Regarding values, many people define health in terms of having control over their lives and the ability to exercise choice autonomously. “Top down” pressures which may threaten both professional and service user autonomy in the name of improving “quality” should be resisted. So too should tribal attitudes that make individuals and groups insensitive to the abilities and needs of others.

For example, doctors should, where appropriate, be prepared to refer patients to pharmacists for interventions such as health checks or MURs. By the same token, pharmacists should be prepared to defend the special role played by GPs.

Specialist physicians and hospital managers do not always appreciate the value of generalists. They may even be actively hostile to them when they fear that GPs, together with patients seeking to exercise informed choice, could increase the competitive and financial pressures on their institutions.

Some community pharmacists may believe that if GPs are to be concentrated into large centres this will leave pharmacy in a better position to extend its future role. But there is as yet no substantive evidence that this would benefit the public.

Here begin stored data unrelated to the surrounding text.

lemma hausdorff_outer_limsup_good_cylinders:
  assumes "0 < d" and "0 < \<eta>"
  shows "hausdorff_outer d (\<Inter>N. \<Union>K. \<Union>w\<in>good_words \<eta> d (N + K). cylinder w) = 0"
proof (rule hausdorff_outer_eq_0I[OF \<open>0 < d\<close>])
  fix \<epsilon> :: real
  assume "0 < \<epsilon>"
  define C where "C = (2 * R) powr d / (1 - exp (- \<eta>))"
  have "(\<lambda>N. C * exp (- \<eta>) ^ N) \<longlonglongrightarrow> 0"
    using \<open>0 < \<eta>\<close> by (intro tendsto_mult_right_zero LIMSEQ_power_zero) auto
  then have "\<forall>\<^sub>F N in sequentially. C * exp (- \<eta>) ^ N < \<epsilon>"
    using \<open>0 < \<epsilon>\<close> by (rule order_tendstoD(2))
  then obtain N0 where "\<forall>N\<ge>N0. C * exp (- \<eta>) ^ N < \<epsilon>"
    by (auto simp: eventually_sequentially)
  then have N0: "C * exp (- \<eta>) ^ N0 < \<epsilon>"
    by simp
  show "\<exists>(G :: nat \<Rightarrow> 'a list set) V.
      (\<Inter>N. \<Union>K. \<Union>w\<in>good_words \<eta> d (N + K). cylinder w) \<subseteq> (\<Union>K. \<Union>x\<in>G K. V x) \<and>
      (\<forall>K. finite (G K)) \<and> (\<forall>K. \<forall>x\<in>G K. bounded (V x)) \<and>
      (\<forall>M. (\<Sum>K<M. \<Sum>x\<in>G K. diameter (V x) powr d) \<le> \<epsilon>)"
  proof (intro exI[of _ "\<lambda>K. good_words \<eta> d (N0 + K)"] exI[of _ cylinder] conjI allI ballI)
    show "(\<Sum>K<M. \<Sum>w\<in>good_words \<eta> d (N0 + K). diameter (cylinder w) powr d) \<le> \<epsilon>" for M
      using sum_diameter_good_cylinders_le[of d \<eta> N0 M] \<open>0 < d\<close> \<open>0 < \<eta>\<close> N0
      by (simp add: C_def)
  qed (auto simp: finite_good_words compact_imp_bounded compact_cylinder)
qed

Indeed, it could prove detrimental.

It might also lead to a critical undermining of the existing funding base of community pharmacy before new ways of working have become adequately established.

“Commissioning for choice, quality and outcomes” concludes with a caution that community pharmacy should be careful to respect the proven contributions of general medical practitioners and, if necessary, join with doctors in defending them from unfair attacks. Competition is healthy when it benefits patients and the public.

But the future success of the NHS will at heart depend on GPs and community pharmacists working better together, and recognising that they must increasingly depend on each other to deliver genuinely integrated care.